Does eating a healthy diet mean you should be eating probiotic foods?

Does a Healthy Diet Require Probiotic Foods?

Does a healthy diet mean you should be eating probiotic foods like kimchi, drinking kombucha or taking probiotic supplements? Probiotic foods are extremely popular and are touted for their supposed health benefits. Many of us don’t even know much about what they are, yet we buy kombucha because we’ve heard that it’s good for us.


What are Probiotics and Should They Be Included in a Healthy Diet?

Some research indicates that probiotics will enhance a healthy diet.

Probiotics are live bacteria and yeasts that many researchers believe are good for you, especially your digestive system. We usually think of germs like bacteria as disease causing. But your body is full of bacteria, both good and bad. Probiotics are often called “good” or “helpful” bacteria based on their purported ability to help keep your gut healthy.

You can find probiotics in supplements and some foods, like yogurt. Doctors often suggest them to help with digestive problems.

How Do They Work?

Researchers are trying to figure out exactly how probiotics work. Some of the ways they may keep you healthy:

• When you lose “good” bacteria in your body, for example after you take antibiotics, probiotics can help replace them.

• They can help balance your “good” and “bad” bacteria to keep your body working the way it should.

What Do They Do?

Among other things, probiotics help send food through your gut by affecting nerves that control gut movement. Researchers are still trying to figure out which are best for certain health problems. Some common conditions they treat are:

• Irritable bowel syndrome
• Inflammatory bowel disease (IBD)
• Infectious diarrhea (caused by viruses, bacteria, or parasites)
• Diarrhea caused by antibiotics
There is also some research that shows they’re useful for problems in other parts of your body. For example, some people say they have helped with:
• Skin conditions, like eczema
• Urinary and vaginal health
• Preventing allergies and colds
• Oral health

But that research is now being called into question.


Probiotics: Does the Evidence Match the Hype?

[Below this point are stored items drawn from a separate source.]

definition class_sizes :: "nat set \<Rightarrow> (nat \<Rightarrow> nat) \<Rightarrow> nat \<Rightarrow> nat" where
  "class_sizes N f l = card (label_class N f l)"

lemma partition_on_labelled_partition: "partition_on N (labelled_partition N f)"
  by (rule partition_onI) (auto simp: labelled_partition_def label_class_def disjnt_def)

lemma label_class_update:
  assumes "x \<in> N" "f x \<noteq> b"
  shows "label_class N (f(x := b)) l =
    (if l = f x then label_class N f l - {x}
     else if l = b then insert x (label_class N f l) else label_class N f l)"
  using assms unfolding label_class_def by auto

lemma label_class_inj: "label_class N f l = label_class N f l' \<Longrightarrow> label_class N f l \<noteq> {} \<Longrightarrow> l = l'"
  unfolding label_class_def by auto

lemma labelled_partition_split:
  assumes "label_class N f b \<noteq> {}"
  shows "labelled_partition N f = insert (label_class N f b)
    ({label_class N f l | l. l \<noteq> a \<and> l \<noteq> b \<and> label_class N f l \<noteq> {}}
     \<union> ({label_class N f a} - {{}}))"
  using assms unfolding labelled_partition_def by auto

lemma move_labelled_partition:
  assumes x: "x \<in> N" "f x \<noteq> b" and B: "label_class N f b \<noteq> {}"
  shows "move (labelled_partition N f) x (label_class N f b) = labelled_partition N (f(x := b))"
proof -
  let ?A = "label_class N f (f x)" and ?B = "label_class N f b"
  have A: "?A \<in> labelled_partition N f" "x \<in> ?A"
    using x unfolding labelled_partition_def label_class_def by auto
  have "labelled_partition N f - {?A, ?B} =
      {label_class N f l | l. l \<noteq> f x \<and> l \<noteq> b \<and> label_class N f l \<noteq> {}}"
    using label_class_inj[of N f] unfolding labelled_partition_def by blast
  moreover have "labelled_partition N (f(x := b)) = insert (insert x ?B)
      ({label_class N f l | l. l \<noteq> f x \<and> l \<noteq> b \<and> label_class N f l \<noteq> {}} \<union> ({?A - {x}} - {{}}))"
    using labelled_partition_split[of N "f(x := b)" b "f x"]
      label_class_update[of x N f b, OF x] x(2)
    by auto
  ultimately show ?thesis
    unfolding move_eq[OF partition_on_labelled_partition A] by simp
qed

lemma class_sizes_update:
  assumes N: "finite N" and x: "x \<in> N" "f x \<noteq> b"
  shows "class_sizes N (f(x := b)) =
    (class_sizes N f)(f x := class_sizes N f (f x) - 1, b := class_sizes N f b + 1)"
proof -
  have "x \<in> label_class N f (f x)" "x \<notin> label_class N f b" "finite (label_class N f l)" for l
    using N x unfolding label_class_def by auto
  then show ?thesis
    using x(2) unfolding class_sizes_def label_class_update[of x N f b, OF x]
    by (auto simp: fun_eq_iff)
qed

definition size_transfer :: "(nat \<Rightarrow> nat) \<Rightarrow> (nat \<Rightarrow> nat) \<Rightarrow> bool" where
  "size_transfer s s' \<longleftrightarrow> (\<exists>a b. a \<noteq> b \<and> 0 < s a \<and> s a \<le> s b \<and> s' = s(a := s a - 1, b := s b + 1))"

lemma size_transferI:
  "a \<noteq> b \<Longrightarrow> 0 < s a \<Longrightarrow> s a \<le> s b \<Longrightarrow> size_transfer s (s(a := s a - 1, b := s b + 1))"
  unfolding size_transfer_def by blast

lemma size_transfer_realizable:
  assumes N: "finite N" and "size_transfer (class_sizes N f) s"
  obtains x b where "x \<in> N" "f x \<noteq> b" "s = class_sizes N (f(x := b))"
    "IS_deviation complete_graph N (labelled_partition N f) (labelled_partition N (f(x := b)))"
proof -
  obtain a b where ab: "a \<noteq> b" "0 < class_sizes N f a" "class_sizes N f a \<le> class_sizes N f b"
    and s: "s = (class_sizes N f)(a := class_sizes N f a - 1, b := class_sizes N f b + 1)"
    using assms(2) unfolding size_transfer_def by blast
  have ne: "label_class N f a \<noteq> {}" "label_class N f b \<noteq> {}"
    using ab(2,3) unfolding class_sizes_def by auto
  then obtain x where x: "x \<in> N" "f x = a" unfolding label_class_def by auto
  have "label_class N f a \<in> labelled_partition N f" "label_class N f b \<in> labelled_partition N f"
    using ne unfolding labelled_partition_def by auto
  moreover have "x \<in> label_class N f a" using x unfolding label_class_def by simp
  moreover have "label_class N f b \<noteq> label_class N f a" using label_class_inj ne ab(1) by metis
  ultimately have "IS_deviation complete_graph N (labelled_partition N f)
      (move (labelled_partition N f) x (label_class N f b))"
    using IS_deviation_complete_graph[OF N partition_on_labelled_partition] ab(3)
    unfolding class_sizes_def by blast
  then show thesis
    using that[of x b] x ab(1) s class_sizes_update[OF N x(1)]
      move_labelled_partition[OF x(1) _ ne(2)]
    by simp
qed

lemma size_transfers_realizable:
  assumes N: "finite N" and "(size_transfer ^^ k) (class_sizes N f) s"
  shows "\<exists>g. class_sizes N g = s \<and>
    (IS_deviation complete_graph N ^^ k) (labelled_partition N f) (labelled_partition N g)"
  using assms(2)
proof (induction k arbitrary: s)
  case 0
  then show ?case by auto
next
  case (Suc k)
  then obtain s0 where "(size_transfer ^^ k) (class_sizes N f) s0" "size_transfer s0 s"
    by (auto elim: relpowp_Suc_E)
  moreover from this(1) obtain g where "class_sizes N g = s0"
    "(IS_deviation complete_graph N ^^ k) (labelled_partition N f) (labelled_partition N g)"
    using Suc.IH by blast
  ultimately show ?case
    by (metis size_transfer_realizable[OF N] relpowp_Suc_I)
qed

section \<open>A long sequence of size transfers\<close>

lemma size_transfers_absorb:
  assumes "finite D" "l \<notin> D" "\<forall>y\<in>D. s y = 1" "0 < s l"
  shows "(size_transfer ^^ card D) s (\<lambda>x. if x \<in> D then 0 else if x = l then s l + card D else s x)"
  using assms
proof (induction D rule: finite_induct)
  case empty
  then show ?case by (simp add: fun_eq_iff)
next
  case (insert y D)
  let ?s = "\<lambda>x. if x \<in> D then 0 else if x = l then s l + card D else s x"
  have "size_transfer ?s (?s(y := ?s y - 1, l := ?s l + 1))"
    using insert by (intro size_transferI) auto
  moreover have "?s(y := ?s y - 1, l := ?s l + 1) =
      (\<lambda>x. if x \<in> insert y D then 0 else if x = l then s l + card (insert y D) else s x)"
    using insert by (auto simp: fun_eq_iff)
  ultimately show ?case using insert by (auto intro: relpowp_Suc_I)
qed

definition triangle :: "nat \<Rightarrow> nat" where
  "triangle j = (\<Sum>i<j. i)"

(* Size profile after stage j of building the staircase: labels i < j already hold i + 1 agents,
   labels j..m-1 are still singletons, and the pool of singletons at labels m..m + triangle m - 1
   has been used up to m + triangle j. *)
definition staircase_stage :: "nat \<Rightarrow> nat \<Rightarrow> nat \<Rightarrow> nat" where
  "staircase_stage m j x =
    (if x < j then x + 1 else if x < m then 1
     else if x < m + triangle j then 0 else if x < m + triangle m then 1 else 0)"

lemma size_transfers_staircase:
  "j \<le> m \<Longrightarrow> \<exists>k. (size_transfer ^^ k) (staircase_stage m 0) (staircase_stage m j)"
proof (induction j)
  case 0
  show ?case by (auto intro: relpowp_0_I)
next
  case (Suc j)
  then obtain k where k: "(size_transfer ^^ k) (staircase_stage m 0) (staircase_stage m j)" by auto
  define D where "D = {m + triangle j ..< m + triangle j + j}"
  have le: "triangle j + j \<le> triangle m"
    using Suc.prems sum_mono2[of "{..<m}" "{..<Suc j}" id] by (simp add: triangle_def)
  have "(size_transfer ^^ card D) (staircase_stage m j)
      (\<lambda>x. if x \<in> D then 0 else if x = j then staircase_stage m j j + card D
        else staircase_stage m j x)"
    using Suc.prems le by (intro size_transfers_absorb) (auto simp: D_def staircase_stage_def)
  moreover have "(\<lambda>x. if x \<in> D then 0 else if x = j then staircase_stage m j j + card D
      else staircase_stage m j x) = staircase_stage m (Suc j)"
    using Suc.prems le by (auto simp: fun_eq_iff D_def staircase_stage_def triangle_def)
  ultimately show ?case using k relpowp_trans by metis
qed

lemma strict_mono_on_shift_ends:
  fixes s :: "nat \<Rightarrow> nat"
  assumes "a < b" "strict_mono_on {a..b} s"
  shows "strict_mono_on {a..b} (s(a := s a - t, b := s b + t))"
proof (rule strict_mono_onI)
  fix i j :: nat assume ij: "i \<in> {a..b}" "j \<in> {a..b}" "i < j"
  have "s i < s j" using strict_mono_onD[OF assms(2) ij] .
  then show "(s(a := s a - t, b := s b + t)) i < (s(a := s a - t, b := s b + t)) j"
    using ij assms(1) by auto
qed

(* The agent handed on travels top-down: first b - 1 gives one to b, then b - 2 to b - 1, ..., so
   each recipient, having just given one agent away, is still at least as large as its donor. *)
lemma size_transfers_along_chain:
  assumes "a < b" "strict_mono_on {a..b} s" "0 < s a"
  shows "(size_transfer ^^ (b - a)) s (s(a := s a - 1, b := s b + 1))"
  using assms
proof (induction "b - a" arbitrary: a)
  case 0
  then show ?case by simp
next
  case (Suc d)
  have step: "s a < s (Suc a)" if "Suc a \<le> b"
    using strict_mono_onD[OF Suc.prems(2)] that Suc.prems(1) by simp
  show ?case
  proof (cases "Suc a = b")
    case True
    have "size_transfer s (s(a := s a - 1, b := s b + 1))"
      using size_transferI[of a b s] step Suc.prems True by simp
    moreover have "b - a = 1" using True by simp
    ultimately show ?thesis by (metis relpowp_1)
  next
    case False
    let ?s = "s(Suc a := s (Suc a) - 1, b := s b + 1)"
    have "(size_transfer ^^ (b - Suc a)) s ?s"
      using Suc False step by (intro Suc.hyps) (auto elim: monotone_on_subset)
    moreover have "size_transfer ?s (?s(a := ?s a - 1, Suc a := ?s (Suc a) + 1))"
      using False step Suc.prems by (intro size_transferI) auto
    moreover have "?s(a := ?s a - 1, Suc a := ?s (Suc a) + 1) = s(a := s a - 1, b := s b + 1)"
      using False step Suc.prems by (auto simp: fun_eq_iff)
    ultimately show ?thesis
      using Suc.hyps(2) by (metis relpowp_Suc_I Suc_diff_Suc Suc.prems(1))
  qed
qed

lemma size_transfers_waves:
  assumes "a < b" "strict_mono_on {a..b} s" "t \<le> s a"
  shows "(size_transfer ^^ (t * (b - a))) s (s(a := s a - t, b := s b + t))"
  using assms(3)
proof (induction t)
  case 0
  then show ?case by (simp add: fun_eq_iff)
next
  case (Suc t)
  let ?s = "s(a := s a - t, b := s b + t)"
  have "(size_transfer ^^ (b - a)) ?s (?s(a := ?s a - 1, b := ?s b + 1))"
    using Suc.prems assms(1) strict_mono_on_shift_ends[OF assms(1,2)]
    by (intro size_transfers_along_chain) auto
  moreover have "?s(a := ?s a - 1, b := ?s b + 1) = s(a := s a - Suc t, b := s b + Suc t)"
    using assms(1) by (auto simp: fun_eq_iff)
  ultimately show ?case
    using Suc relpowp_trans by (metis Suc_leD add.commute mult_Suc)
qed

lemma size_transfers_drain:
  assumes "a \<le> b" "strict_mono_on {a..b} s"
  shows "\<exists>s'. (size_transfer ^^ (\<Sum>i\<in>{a..<b}. s i * (b - i))) s s'"
  using assms
proof (induction "b - a" arbitrary: a s)
  case 0
  then show ?case by (auto intro: relpowp_0_I)
next
  case (Suc d)
  then have ab: "a < b" by simp
  let ?s = "s(a := s a - s a, b := s b + s a)"
  have "(size_transfer ^^ (s a * (b - a))) s ?s"
    using size_transfers_waves[OF ab Suc.prems(2) order_refl] by simp
  moreover have "strict_mono_on {Suc a..b} ?s"
    using monotone_on_subset[OF strict_mono_on_shift_ends[OF ab Suc.prems(2), where t = "s a"],
      of "{Suc a..b}"]
    by auto
  then obtain s' where "(size_transfer ^^ (\<Sum>i\<in>{Suc a..<b}. ?s i * (b - i))) ?s s'"
    using Suc.hyps ab by (metis Suc_diff_Suc Suc_leI nat.inject)
  moreover have "(\<Sum>i\<in>{Suc a..<b}. ?s i * (b - i)) = (\<Sum>i\<in>{Suc a..<b}. s i * (b - i))"
    by (rule sum.cong) auto
  moreover have "(\<Sum>i\<in>{a..<b}. s i * (b - i)) = s a * (b - a) + (\<Sum>i\<in>{Suc a..<b}. s i * (b - i))"
    using ab by (simp add: sum.atLeast_Suc_lessThan)
  ultimately show ?case using relpowp_trans by metis
qed

lemma six_times_sum_staircase: "6 * (\<Sum>i<p. (i + 1) * (p - i)) = p * (p + 1) * (p + 2::nat)"
proof (induction p)
  case (Suc p)
  have "(\<Sum>i<Suc p. (i + 1) * (Suc p - i)) = (\<Sum>i<Suc p. (i + 1) * (p - i) + (i + 1))"
    by (rule sum.cong) (auto simp: Suc_diff_le)
  also have "\<dots> = (\<Sum>i<p. (i + 1) * (p - i)) + (\<Sum>i<Suc p. i + 1)"
    unfolding sum.distrib sum.lessThan_Suc[of "\<lambda>i. (i + 1) * (p - i)"] by simp
  moreover have "2 * (\<Sum>i<Suc p. i + 1) = (p + 1) * (p + 2)"
    by (induction p) auto
  ultimately show ?case using Suc.IH by (simp add: algebra_simps)
qed simp

lemma double_triangle: "2 * triangle m + m = m * m"
  by (induction m) (auto simp: triangle_def algebra_simps)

A new study investigating probiotics concludes that they do not benefit all people. In fact, the way different people process probiotics varies quite a bit. So perhaps the hype got ahead of the scientific evidence.

As this latest research demonstrates, in human biology, things are rarely so straightforward. Many researchers believe that to date, evidence to back up many of the health claims associated with probiotics is lacking.

In this new study, researchers from the Weizmann Institute and the Tel Aviv Medical Center designed a comprehensive investigation into the effectiveness of probiotics by taking a different approach.
Senior author Eran Elinav explains the goal of the research: “People have thrown a lot of support to probiotics, even though the literature underlying our understanding of them is very controversial. We wanted to determine whether probiotics, such as the ones you buy in the supermarket, do colonize the gastrointestinal tract like they’re supposed to, and then whether these probiotics are having any impact on the human host.”


New Study on Whether Probiotics are Part of a Healthy Diet

The researchers took a new approach to determining whether probiotics should be included in a healthy diet. While most previous studies investigating probiotics assessed the species of bacteria in participants’ guts by analyzing stool samples, this type of proxy measure is not ideal. So the decided to test gut bacteria directly.

Some People Don’t Benefit from Probiotics

The study showed that some people benefit from probiotics and others do not.

In the study, scientists measured the gut bacteria directly, using endoscopies and colonoscopies.

• In all, 25 people were sampled, but only 15 progressed to the next stage.

• The team split them into two groups: one took generic probiotics, while the other took a placebo.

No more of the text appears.